#### [YOUR GOAL]
Below are some records; return each one exactly as written.

#### [Collected data entries]
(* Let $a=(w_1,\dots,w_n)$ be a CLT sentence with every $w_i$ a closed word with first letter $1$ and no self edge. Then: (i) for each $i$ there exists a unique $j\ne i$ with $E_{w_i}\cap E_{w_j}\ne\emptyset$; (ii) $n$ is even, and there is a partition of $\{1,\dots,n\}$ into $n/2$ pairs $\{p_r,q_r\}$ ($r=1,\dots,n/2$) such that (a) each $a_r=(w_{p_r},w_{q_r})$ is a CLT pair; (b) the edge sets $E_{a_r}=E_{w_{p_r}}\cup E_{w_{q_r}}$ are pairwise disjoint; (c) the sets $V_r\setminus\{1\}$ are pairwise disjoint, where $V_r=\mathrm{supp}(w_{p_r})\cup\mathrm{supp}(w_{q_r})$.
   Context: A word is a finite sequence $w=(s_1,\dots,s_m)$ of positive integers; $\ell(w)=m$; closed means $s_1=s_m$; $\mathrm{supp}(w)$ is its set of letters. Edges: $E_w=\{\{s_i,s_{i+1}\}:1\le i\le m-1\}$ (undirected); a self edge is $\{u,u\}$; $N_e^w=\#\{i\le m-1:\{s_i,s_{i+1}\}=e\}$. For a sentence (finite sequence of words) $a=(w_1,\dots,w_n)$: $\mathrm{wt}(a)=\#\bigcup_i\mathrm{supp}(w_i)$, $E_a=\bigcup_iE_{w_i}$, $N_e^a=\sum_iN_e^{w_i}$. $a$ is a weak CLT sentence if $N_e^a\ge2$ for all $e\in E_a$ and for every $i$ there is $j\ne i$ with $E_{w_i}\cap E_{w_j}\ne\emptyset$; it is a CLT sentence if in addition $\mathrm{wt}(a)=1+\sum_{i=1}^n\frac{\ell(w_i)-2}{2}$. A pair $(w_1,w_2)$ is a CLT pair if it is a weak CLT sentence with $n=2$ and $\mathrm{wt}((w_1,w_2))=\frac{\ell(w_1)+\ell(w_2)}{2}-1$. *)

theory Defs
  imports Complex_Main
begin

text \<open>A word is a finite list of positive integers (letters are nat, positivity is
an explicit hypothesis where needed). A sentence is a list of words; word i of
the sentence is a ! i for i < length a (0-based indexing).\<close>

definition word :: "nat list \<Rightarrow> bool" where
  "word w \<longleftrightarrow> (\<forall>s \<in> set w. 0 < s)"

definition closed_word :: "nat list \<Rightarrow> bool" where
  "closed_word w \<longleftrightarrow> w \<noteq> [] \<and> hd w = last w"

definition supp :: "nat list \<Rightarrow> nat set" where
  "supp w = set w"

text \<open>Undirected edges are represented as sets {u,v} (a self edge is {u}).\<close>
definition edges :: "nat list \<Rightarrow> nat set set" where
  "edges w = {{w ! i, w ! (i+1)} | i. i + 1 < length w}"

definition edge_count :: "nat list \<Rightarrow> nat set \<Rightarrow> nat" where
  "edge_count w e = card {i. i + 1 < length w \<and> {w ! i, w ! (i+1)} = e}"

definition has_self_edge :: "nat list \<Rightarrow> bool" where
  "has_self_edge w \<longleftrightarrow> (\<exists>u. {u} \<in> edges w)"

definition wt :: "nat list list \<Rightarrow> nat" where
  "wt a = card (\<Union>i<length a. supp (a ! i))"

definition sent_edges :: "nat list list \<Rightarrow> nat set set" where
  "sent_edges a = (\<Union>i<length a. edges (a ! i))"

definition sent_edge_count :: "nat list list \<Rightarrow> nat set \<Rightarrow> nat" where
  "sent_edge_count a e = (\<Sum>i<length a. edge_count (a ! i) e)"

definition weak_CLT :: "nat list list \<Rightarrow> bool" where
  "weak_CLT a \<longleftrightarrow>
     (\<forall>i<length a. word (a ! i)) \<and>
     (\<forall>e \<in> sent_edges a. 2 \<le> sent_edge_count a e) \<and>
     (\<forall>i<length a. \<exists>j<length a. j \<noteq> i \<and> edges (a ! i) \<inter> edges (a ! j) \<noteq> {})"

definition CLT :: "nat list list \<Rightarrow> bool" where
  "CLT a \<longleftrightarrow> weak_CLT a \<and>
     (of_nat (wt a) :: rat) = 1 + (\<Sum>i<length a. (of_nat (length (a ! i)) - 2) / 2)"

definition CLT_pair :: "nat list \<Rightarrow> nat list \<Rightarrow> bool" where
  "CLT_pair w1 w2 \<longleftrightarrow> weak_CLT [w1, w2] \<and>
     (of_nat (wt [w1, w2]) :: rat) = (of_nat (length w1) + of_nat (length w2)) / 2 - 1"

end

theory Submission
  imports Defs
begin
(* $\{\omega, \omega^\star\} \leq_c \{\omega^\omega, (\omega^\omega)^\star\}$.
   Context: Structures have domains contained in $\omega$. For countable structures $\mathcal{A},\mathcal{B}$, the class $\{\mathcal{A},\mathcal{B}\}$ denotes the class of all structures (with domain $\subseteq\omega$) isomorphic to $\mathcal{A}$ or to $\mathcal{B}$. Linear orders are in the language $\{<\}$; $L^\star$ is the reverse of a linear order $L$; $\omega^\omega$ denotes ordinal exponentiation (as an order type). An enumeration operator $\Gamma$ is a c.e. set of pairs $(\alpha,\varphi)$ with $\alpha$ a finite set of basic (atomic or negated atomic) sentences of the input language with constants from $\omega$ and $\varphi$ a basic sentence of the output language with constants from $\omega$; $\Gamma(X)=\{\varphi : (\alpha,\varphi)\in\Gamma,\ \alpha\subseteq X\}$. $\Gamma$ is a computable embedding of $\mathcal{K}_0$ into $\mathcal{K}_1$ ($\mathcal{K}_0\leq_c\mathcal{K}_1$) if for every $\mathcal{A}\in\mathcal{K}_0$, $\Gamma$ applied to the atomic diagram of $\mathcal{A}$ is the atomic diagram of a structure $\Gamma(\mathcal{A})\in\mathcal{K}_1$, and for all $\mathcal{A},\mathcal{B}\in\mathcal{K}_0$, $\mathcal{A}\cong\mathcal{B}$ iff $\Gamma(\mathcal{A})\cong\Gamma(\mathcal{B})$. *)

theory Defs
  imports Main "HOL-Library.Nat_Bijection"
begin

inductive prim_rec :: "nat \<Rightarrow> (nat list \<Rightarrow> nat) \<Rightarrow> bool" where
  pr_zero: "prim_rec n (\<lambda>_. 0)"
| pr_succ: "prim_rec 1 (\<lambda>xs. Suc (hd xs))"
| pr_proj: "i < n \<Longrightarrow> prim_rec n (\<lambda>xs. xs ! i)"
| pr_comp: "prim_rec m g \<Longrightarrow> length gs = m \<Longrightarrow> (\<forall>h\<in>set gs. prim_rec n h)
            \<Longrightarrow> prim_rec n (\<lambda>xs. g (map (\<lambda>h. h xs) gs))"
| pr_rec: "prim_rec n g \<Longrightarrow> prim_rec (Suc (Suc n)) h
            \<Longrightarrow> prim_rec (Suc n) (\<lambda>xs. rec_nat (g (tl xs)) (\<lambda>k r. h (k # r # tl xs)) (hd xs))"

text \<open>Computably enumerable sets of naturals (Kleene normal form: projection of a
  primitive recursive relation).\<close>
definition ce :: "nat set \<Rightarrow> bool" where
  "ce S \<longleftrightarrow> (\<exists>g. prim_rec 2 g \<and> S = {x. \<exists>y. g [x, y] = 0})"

#### [EXERCISE SOLUTION]
(* Let $a=(w_1,\dots,w_n)$ be a CLT sentence with every $w_i$ a closed word with first letter $1$ and no self edge. Then: (i) for each $i$ there exists a unique $j\ne i$ with $E_{w_i}\cap E_{w_j}\ne\emptyset$; (ii) $n$ is even, and there is a partition of $\{1,\dots,n\}$ into $n/2$ pairs $\{p_r,q_r\}$ ($r=1,\dots,n/2$) such that (a) each $a_r=(w_{p_r},w_{q_r})$ is a CLT pair; (b) the edge sets $E_{a_r}=E_{w_{p_r}}\cup E_{w_{q_r}}$ are pairwise disjoint; (c) the sets $V_r\setminus\{1\}$ are pairwise disjoint, where $V_r=\mathrm{supp}(w_{p_r})\cup\mathrm{supp}(w_{q_r})$.
   Context: A word is a finite sequence $w=(s_1,\dots,s_m)$ of positive integers; $\ell(w)=m$; closed means $s_1=s_m$; $\mathrm{supp}(w)$ is its set of letters. Edges: $E_w=\{\{s_i,s_{i+1}\}:1\le i\le m-1\}$ (undirected); a self edge is $\{u,u\}$; $N_e^w=\#\{i\le m-1:\{s_i,s_{i+1}\}=e\}$. For a sentence (finite sequence of words) $a=(w_1,\dots,w_n)$: $\mathrm{wt}(a)=\#\bigcup_i\mathrm{supp}(w_i)$, $E_a=\bigcup_iE_{w_i}$, $N_e^a=\sum_iN_e^{w_i}$. $a$ is a weak CLT sentence if $N_e^a\ge2$ for all $e\in E_a$ and for every $i$ there is $j\ne i$ with $E_{w_i}\cap E_{w_j}\ne\emptyset$; it is a CLT sentence if in addition $\mathrm{wt}(a)=1+\sum_{i=1}^n\frac{\ell(w_i)-2}{2}$. A pair $(w_1,w_2)$ is a CLT pair if it is a weak CLT sentence with $n=2$ and $\mathrm{wt}((w_1,w_2))=\frac{\ell(w_1)+\ell(w_2)}{2}-1$. *)

theory Defs
  imports Complex_Main
begin

text \<open>A word is a finite list of positive integers (letters are nat, positivity is
an explicit hypothesis where needed). A sentence is a list of words; word i of
the sentence is a ! i for i < length a (0-based indexing).\<close>

definition word :: "nat list \<Rightarrow> bool" where
  "word w \<longleftrightarrow> (\<forall>s \<in> set w. 0 < s)"

definition closed_word :: "nat list \<Rightarrow> bool" where
  "closed_word w \<longleftrightarrow> w \<noteq> [] \<and> hd w = last w"

definition supp :: "nat list \<Rightarrow> nat set" where
  "supp w = set w"

text \<open>Undirected edges are represented as sets {u,v} (a self edge is {u}).\<close>
definition edges :: "nat list \<Rightarrow> nat set set" where
  "edges w = {{w ! i, w ! (i+1)} | i. i + 1 < length w}"

definition edge_count :: "nat list \<Rightarrow> nat set \<Rightarrow> nat" where
  "edge_count w e = card {i. i + 1 < length w \<and> {w ! i, w ! (i+1)} = e}"

definition has_self_edge :: "nat list \<Rightarrow> bool" where
  "has_self_edge w \<longleftrightarrow> (\<exists>u. {u} \<in> edges w)"

definition wt :: "nat list list \<Rightarrow> nat" where
  "wt a = card (\<Union>i<length a. supp (a ! i))"

definition sent_edges :: "nat list list \<Rightarrow> nat set set" where
  "sent_edges a = (\<Union>i<length a. edges (a ! i))"

definition sent_edge_count :: "nat list list \<Rightarrow> nat set \<Rightarrow> nat" where
  "sent_edge_count a e = (\<Sum>i<length a. edge_count (a ! i) e)"

definition weak_CLT :: "nat list list \<Rightarrow> bool" where
  "weak_CLT a \<longleftrightarrow>
     (\<forall>i<length a. word (a ! i)) \<and>
     (\<forall>e \<in> sent_edges a. 2 \<le> sent_edge_count a e) \<and>
     (\<forall>i<length a. \<exists>j<length a. j \<noteq> i \<and> edges (a ! i) \<inter> edges (a ! j) \<noteq> {})"

definition CLT :: "nat list list \<Rightarrow> bool" where
  "CLT a \<longleftrightarrow> weak_CLT a \<and>
     (of_nat (wt a) :: rat) = 1 + (\<Sum>i<length a. (of_nat (length (a ! i)) - 2) / 2)"

definition CLT_pair :: "nat list \<Rightarrow> nat list \<Rightarrow> bool" where
  "CLT_pair w1 w2 \<longleftrightarrow> weak_CLT [w1, w2] \<and>
     (of_nat (wt [w1, w2]) :: rat) = (of_nat (length w1) + of_nat (length w2)) / 2 - 1"

end

theory Submission
  imports Defs
begin
(* $\{\omega, \omega^\star\} \leq_c \{\omega^\omega, (\omega^\omega)^\star\}$.
   Context: Structures have domains contained in $\omega$. For countable structures $\mathcal{A},\mathcal{B}$, the class $\{\mathcal{A},\mathcal{B}\}$ denotes the class of all structures (with domain $\subseteq\omega$) isomorphic to $\mathcal{A}$ or to $\mathcal{B}$. Linear orders are in the language $\{<\}$; $L^\star$ is the reverse of a linear order $L$; $\omega^\omega$ denotes ordinal exponentiation (as an order type). An enumeration operator $\Gamma$ is a c.e. set of pairs $(\alpha,\varphi)$ with $\alpha$ a finite set of basic (atomic or negated atomic) sentences of the input language with constants from $\omega$ and $\varphi$ a basic sentence of the output language with constants from $\omega$; $\Gamma(X)=\{\varphi : (\alpha,\varphi)\in\Gamma,\ \alpha\subseteq X\}$. $\Gamma$ is a computable embedding of $\mathcal{K}_0$ into $\mathcal{K}_1$ ($\mathcal{K}_0\leq_c\mathcal{K}_1$) if for every $\mathcal{A}\in\mathcal{K}_0$, $\Gamma$ applied to the atomic diagram of $\mathcal{A}$ is the atomic diagram of a structure $\Gamma(\mathcal{A})\in\mathcal{K}_1$, and for all $\mathcal{A},\mathcal{B}\in\mathcal{K}_0$, $\mathcal{A}\cong\mathcal{B}$ iff $\Gamma(\mathcal{A})\cong\Gamma(\mathcal{B})$. *)

theory Defs
  imports Main "HOL-Library.Nat_Bijection"
begin

inductive prim_rec :: "nat \<Rightarrow> (nat list \<Rightarrow> nat) \<Rightarrow> bool" where
  pr_zero: "prim_rec n (\<lambda>_. 0)"
| pr_succ: "prim_rec 1 (\<lambda>xs. Suc (hd xs))"
| pr_proj: "i < n \<Longrightarrow> prim_rec n (\<lambda>xs. xs ! i)"
| pr_comp: "prim_rec m g \<Longrightarrow> length gs = m \<Longrightarrow> (\<forall>h\<in>set gs. prim_rec n h)
            \<Longrightarrow> prim_rec n (\<lambda>xs. g (map (\<lambda>h. h xs) gs))"
| pr_rec: "prim_rec n g \<Longrightarrow> prim_rec (Suc (Suc n)) h
            \<Longrightarrow> prim_rec (Suc n) (\<lambda>xs. rec_nat (g (tl xs)) (\<lambda>k r. h (k # r # tl xs)) (hd xs))"

text \<open>Computably enumerable sets of naturals (Kleene normal form: projection of a
  primitive recursive relation).\<close>
definition ce :: "nat set \<Rightarrow> bool" where
  "ce S \<longleftrightarrow> (\<exists>g. prim_rec 2 g \<and> S = {x. \<exists>y. g [x, y] = 0})"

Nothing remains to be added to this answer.